Please provide the entries below again, word for word.

[[ Entries supplied open ]]

lemma sched_path_refine:
  fixes len :: "'a \<Rightarrow> nat"
  assumes "S \<subseteq> T \<times> T" "acyclic S" "L \<subseteq> S\<^sup>+" and path: "sched_path T L p"
  shows "\<exists>w. sched_path T S w \<and> sum_list (map len p) \<le> sum_list (map len w)"
proof -
  have "p \<noteq> []" and "set p \<subseteq> T" and "distinct p"
    using path unfolding sched_path_def by simp_all
  have "successively (\<lambda>x y. (x, y) \<in> L) p"
    using path unfolding sched_path_def successively_conv_nth by simp
  then have "successively (\<lambda>x y. (x, y) \<in> S\<^sup>+) p"
    by (rule successively_mono) (use \<open>L \<subseteq> S\<^sup>+\<close> in blast)
  then obtain w where w: "hd w = hd p" "set p \<subseteq> set w" "successively (\<lambda>x y. (x, y) \<in> S) w"
    using walk_through_trancl_chain[OF _ \<open>p \<noteq> []\<close>] by blast
  have "w \<noteq> []"
    using w(2) \<open>p \<noteq> []\<close> by (metis set_empty subset_empty)
  moreover have "hd w \<in> T"
    using w(1) hd_in_set[OF \<open>p \<noteq> []\<close>] \<open>set p \<subseteq> T\<close> by (metis subsetD)
  ultimately have "sched_path T S w"
    using sched_path_iff_walk[OF assms(2,1)] w(3) by blast
  have "sum_list (map len p) = sum len (set p)"
    using \<open>distinct p\<close> by (simp add: sum_list_distinct_conv_sum_set)
  also have "\<dots> \<le> sum len (set w)"
    using w(2) by (simp add: sum_mono2)
  also have "\<dots> = sum_list (map len w)"
    using \<open>sched_path T S w\<close> unfolding sched_path_def by (simp add: sum_list_distinct_conv_sum_set)
  finally show ?thesis
    using \<open>sched_path T S w\<close> by blast
qed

[[ Entries supplied closed ]]

[Exercise answer]
lemma sched_path_refine:
  fixes len :: "'a \<Rightarrow> nat"
  assumes "S \<subseteq> T \<times> T" "acyclic S" "L \<subseteq> S\<^sup>+" and path: "sched_path T L p"
  shows "\<exists>w. sched_path T S w \<and> sum_list (map len p) \<le> sum_list (map len w)"
proof -
  have "p \<noteq> []" and "set p \<subseteq> T" and "distinct p"
    using path unfolding sched_path_def by simp_all
  have "successively (\<lambda>x y. (x, y) \<in> L) p"
    using path unfolding sched_path_def successively_conv_nth by simp
  then have "successively (\<lambda>x y. (x, y) \<in> S\<^sup>+) p"
    by (rule successively_mono) (use \<open>L \<subseteq> S\<^sup>+\<close> in blast)
  then obtain w where w: "hd w = hd p" "set p \<subseteq> set w" "successively (\<lambda>x y. (x, y) \<in> S) w"
    using walk_through_trancl_chain[OF _ \<open>p \<noteq> []\<close>] by blast
  have "w \<noteq> []"
    using w(2) \<open>p \<noteq> []\<close> by (metis set_empty subset_empty)
  moreover have "hd w \<in> T"
    using w(1) hd_in_set[OF \<open>p \<noteq> []\<close>] \<open>set p \<subseteq> T\<close> by (metis subsetD)
  ultimately have "sched_path T S w"
    using sched_path_iff_walk[OF assms(2,1)] w(3) by blast
  have "sum_list (map len p) = sum len (set p)"
    using \<open>distinct p\<close> by (simp add: sum_list_distinct_conv_sum_set)
  also have "\<dots> \<le> sum len (set w)"
    using w(2) by (simp add: sum_mono2)
  also have "\<dots> = sum_list (map len w)"
    using \<open>sched_path T S w\<close> unfolding sched_path_def by (simp add: sum_list_distinct_conv_sum_set)
  finally show ?thesis
    using \<open>sched_path T S w\<close> by blast
qed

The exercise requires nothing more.